The Department of Treasury said in its biannual report to the Congress that China, Japan, Korea, Germany, Malaysia, Singapore, and Taiwan are part of the current Monitoring List.

The report states that China’s failure to publish foreign exchange intervention and broader lack of transparency around key features of its exchange rate mechanism make it an outlier among major economies and warrants Treasury’s close monitoring.

The move came on a day Secretary of the Treasury Janet Yellen visited India and held talks with Finance Minister Nirmala Sitharaman.

The Treasury has established a Monitoring List of “major trading partners that merit close attention to their currency practices and macroeconomic policies”.

The US Treasury Department lists a trading partner on the watchlist if that so-called country had intervened in the currency market by higher levels than 2 per cent of its GDP over a 12-month period, and had a current account surplus of 2 per cent of GDP and a trade surplus with the US.

“Once on the Monitoring List, an economy will remain there for at least two consecutive Reports to help ensure that any improvement in performance versus the criteria is durable and is not due to temporary factors,” the report said.

It said as a further measure, Treasury will add and retain on the Monitoring List any major US trading partner that accounts for a large and disproportionate share of the overall US trade deficit even if that economy has not met two of the three criteria from the 2015 Act.

“The Administration strongly opposes attempts by the United States’ trading partners to artificially manipulate currency values to gain unfair advantage over American workers. Treasury continues to press other economies to uphold the exchange rate commitments they have made in the G-20, the G-7, and at the IMF,” the report said.

In the report, the Treasury reviewed the 20 largest US trading partners against the thresholds Treasury has established for the three criteria in the 2015 Act.
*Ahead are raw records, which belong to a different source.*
(* Let $J\subseteq S$ and $w\in\mathfrak{S}_n^J$. Then $w$ is $(J,231)$-avoiding if and only if $\mathrm{inv}(w)$ is $J$-compressed.
   Context: $\mathfrak{S}_n$ is the symmetric group on $[n]$, $s_i=(i,i+1)$, $S=\{s_1,\dots,s_{n-1}\}$, one-line notation $w=w_1\cdots w_n$, $\mathrm{inv}(w)=\{(i,j):i<j,\ w_i>w_j\}$, and $\mathrm{des}(w)=\{(i,j)\in\mathrm{inv}(w): w_i=w_j+1\}$. For $J\subseteq S$, $\mathfrak{S}_n^J$ is the set of $w$ with $w_i<w_{i+1}$ whenever $s_i\in J$ (the minimal length coset representatives, $w<_S ws$ for $s\in J$ in the weak order $u\le_S v\iff\mathrm{inv}(u)\subseteq\mathrm{inv}(v)$). Writing $J=S\setminus\{s_{j_1},\dots,s_{j_r}\}$ with $j_1<\dots<j_r$, the $J$-regions are $\{1,\dots,j_1\},\{j_1+1,\dots,j_2\},\dots,\{j_r+1,\dots,n\}$. $w\in\mathfrak{S}_n^J$ is $(J,231)$-avoiding if there are no indices $i<j<k$ in pairwise different $J$-regions with $w_k<w_i<w_j$ and $w_i=w_k+1$. The set $\mathrm{inv}(w)$ is $J$-compressed if whenever $i<j<k$ lie in pairwise different $J$-regions and $(i,k)\in\mathrm{des}(w)$, then $(i,j)\in\mathrm{inv}(w)$. *)

theory Defs
  imports "HOL-Combinatorics.Combinatorics"
begin

text \<open>Permutations w of [n] are functions with w permutes {1..n}; the one-line
 notation is w 1, ..., w n.\<close>

definition simple_refl :: "nat \<Rightarrow> (nat \<Rightarrow> nat)" where
  "simple_refl i = transpose i (Suc i)"

definition simple_refls :: "nat \<Rightarrow> (nat \<Rightarrow> nat) set" where
  "simple_refls n = {simple_refl i | i. 1 \<le> i \<and> i < n}"

definition inv_set :: "nat \<Rightarrow> (nat \<Rightarrow> nat) \<Rightarrow> (nat \<times> nat) set" where
  "inv_set n w = {(i, j). 1 \<le> i \<and> i < j \<and> j \<le> n \<and> w i > w j}"

definition des_set :: "nat \<Rightarrow> (nat \<Rightarrow> nat) \<Rightarrow> (nat \<times> nat) set" where
  "des_set n w = {(i, j) \<in> inv_set n w. w i = w j + 1}"

definition parabolic_quot :: "nat \<Rightarrow> (nat \<Rightarrow> nat) set \<Rightarrow> (nat \<Rightarrow> nat) set" where
  "parabolic_quot n J = {w. w permutes {1..n} \<and>
      (\<forall>i. 1 \<le> i \<and> i < n \<and> simple_refl i \<in> J \<longrightarrow> w i < w (Suc i))}"

definition same_region :: "(nat \<Rightarrow> nat) set \<Rightarrow> nat \<Rightarrow> nat \<Rightarrow> bool" where
  "same_region J i j = (\<forall>k. i \<le> k \<and> k < j \<longrightarrow> simple_refl k \<in> J)"

definition J231_avoiding :: "nat \<Rightarrow> (nat \<Rightarrow> nat) set \<Rightarrow> (nat \<Rightarrow> nat) \<Rightarrow> bool" where
  "J231_avoiding n J w = (\<not> (\<exists>i j k. 1 \<le> i \<and> i < j \<and> j < k \<and> k \<le> n \<and>
      \<not> same_region J i j \<and> \<not> same_region J j k \<and> \<not> same_region J i k \<and>
      w k < w i \<and> w i < w j \<and> w i = w k + 1))"

definition J_compressed :: "nat \<Rightarrow> (nat \<Rightarrow> nat) set \<Rightarrow> (nat \<Rightarrow> nat) \<Rightarrow> bool" where
  "J_compressed n J w = (\<forall>i j k. 1 \<le> i \<and> i < j \<and> j < k \<and> k \<le> n \<and>
      \<not> same_region J i j \<and> \<not> same_region J j k \<and> \<not> same_region J i k \<and>
      (i, k) \<in> des_set n w \<longrightarrow> (i, j) \<in> inv_set n w)"

end

theory Submission
  imports Defs
begin

text \<open>For a descent pair (i, k) and i < j, the 231 pattern asks w i < w j, while compression
 asks that (i, j) be an inversion, i.e. w j < w i; for an injective w exactly one of the two
 holds.\<close>

lemma J231_avoiding_iff_J_compressed:
  assumes "inj_on w {1..n}"
  shows "J231_avoiding n J w \<longleftrightarrow> J_compressed n J w"
proof -
  have pattern_iff_no_inversion:
    "(w k < w i \<and> w i < w j \<and> w i = w k + 1) \<longleftrightarrow>
     (i, k) \<in> des_set n w \<and> (i, j) \<notin> inv_set n w"
    if "1 \<le> i" "i < j" "j < k" "k \<le> n" for i j k
  proof -
    have "w i \<noteq> w j"
      using inj_onD[OF assms, of i j] that by auto
    then show ?thesis
      using that by (auto simp: des_set_def inv_set_def)
  qed
  show ?thesis
    unfolding J231_avoiding_def J_compressed_def
    using pattern_iff_no_inversion by blast
qed

theorem lemma3p7:
  fixes n :: nat and J :: "(nat \<Rightarrow> nat) set" and w :: "nat \<Rightarrow> nat"
  assumes "J \<subseteq> simple_refls n"
    and "w \<in> parabolic_quot n J"
  shows "J231_avoiding n J w \<longleftrightarrow> J_compressed n J w"
proof -
  from assms(2) have "w permutes {1..n}"
    by (simp add: parabolic_quot_def)
  then have "inj_on w {1..n}"
    by (rule permutes_inj_on)
  then show ?thesis
    by (rule J231_avoiding_iff_J_compressed)
qed

end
The report said US Treasury continues to carefully track the foreign exchange and macroeconomic policies of US trading partners under the requirements of both the 1988 Act and the 2015 Act, and to review the appropriate metrics for assessing how policies contribute to currency misalignments and global imbalances.

It also said the US administration “has strongly advocated for our major trading partners to carefully calibrate policy tools to support a strong and sustainable global recovery”.